Jul 07 11:48:00 mon01 chproxy[40652]: ERROR: 2021/07/07 09:48:00 proxy.go:48: http: proxy error: net/http: HTTP/1.x transport connection broken: write tcp 127.0.0.1:58570->127.0.0.1:8123: write: broken pipe

bzed avatar Jul 07 '21 09:07 bzed

The default keepalive-timeout in CH is 3 seconds, while the default keepalive time used by net.Dialer is 15 seconds. That won't work.

@bzed I also found the similar phenomenon, but I think the HTTP param <keep_alive_timeout>3</keep_alive_timeout> in CH is corresponding to IdleConnTimeout of Transport in CHProxy.

so I tune the keep_alive_timeout in CH to 90, as the same value in CHProxy. That does works! The cannot reach host error was gone.

mchades avatar Aug 17 '21 07:08 mchades

@mchades very good

sunny19930321 avatar Aug 18 '21 03:08 sunny19930321

client keepalive should substantially bigger than server keepalive https://github.com/ClickHouse/ClickHouse/issues/52571#issuecomment-1650266265 https://github.com/ClickHouse/ClickHouse/pull/53068

-- update: bigger not smaller

den-crane avatar Oct 16 '23 08:10 den-crane

The default keepalive-timeout in CH is 3 seconds, while the default keepalive time used by net.Dialer is 15 seconds. That won't work.

@bzed I also found the similar phenomenon, but I think the HTTP param <keep_alive_timeout>3</keep_alive_timeout> in CH is corresponding to IdleConnTimeout of Transport in CHProxy.

so I tune the keep_alive_timeout in CH to 90, as the same value in CHProxy. That does works! The cannot reach host error was gone.

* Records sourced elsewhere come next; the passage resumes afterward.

lemma continuous_on_piA: "continuous_on torus f \<Longrightarrow> continuous_on torus (piA M f)"
proof -
  assume f: "continuous_on torus f"
  obtain a b c d where M: "M = (a, b, c, d)" by (cases M) auto
  have "phi M = (\<lambda>x. (fst x powi a * snd x powi b, fst x powi c * snd x powi d))"
    unfolding M by (auto simp: fun_eq_iff)
  then have "continuous_on torus (phi M)"
    by (simp, intro continuous_intros) (auto dest: torus_nonzero)
  then show ?thesis
    unfolding piA_def using f phi_in_torus continuous_on_compose continuous_on_subset
    by (metis image_subsetI)
qed

section \<open>Isometric automorphisms of \<open>A_alpha\<close>\<close>

definition positive_eigenvector :: "real \<Rightarrow> mat2 \<Rightarrow> bool" where
  "positive_eigenvector \<alpha> M \<longleftrightarrow> (\<exists>\<kappa>>0. lin_map M (1, \<alpha>) = \<kappa> *\<^sub>R (1, \<alpha>))"

lemma positive_eigenvector_iff:
  "positive_eigenvector \<alpha> (a, b, c, d) \<longleftrightarrow>
     of_int a + \<alpha> * of_int b > 0 \<and> of_int c + \<alpha> * of_int d = \<alpha> * (of_int a + \<alpha> * of_int b)"
  by (auto simp: positive_eigenvector_def algebra_simps)

lemma lin_map_one: "lin_map mat2_one x = x"
  by (cases x) (simp add: mat2_one_def)

lemma lin_map_scaleR: "lin_map M (r *\<^sub>R x) = r *\<^sub>R lin_map M x"
  by (cases M; cases x) (simp add: algebra_simps)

That Did work! The following code demonstrates the related settings for HTTP Transport in the CH proxy. transport := &http.Transport{ Proxy: http.ProxyFromEnvironment, DialContext: func(ctx context.Context, network, addr string) (net.Conn, error) { dialer := &net.Dialer{ Timeout: 30 * time.Second, KeepAlive: 30 * time.Second, } return dialer.DialContext(ctx, network, addr) }, ForceAttemptHTTP2: true, MaxIdleConns: cfgCp.MaxIdleConns, MaxIdleConnsPerHost: cfgCp.MaxIdleConnsPerHost, IdleConnTimeout: 9 * time.Second, TLSHandshakeTimeout: 10 * time.Second, ExpectContinueTimeout: 1 * time.Second, }

egplat avatar Nov 13 '23 07:11 egplat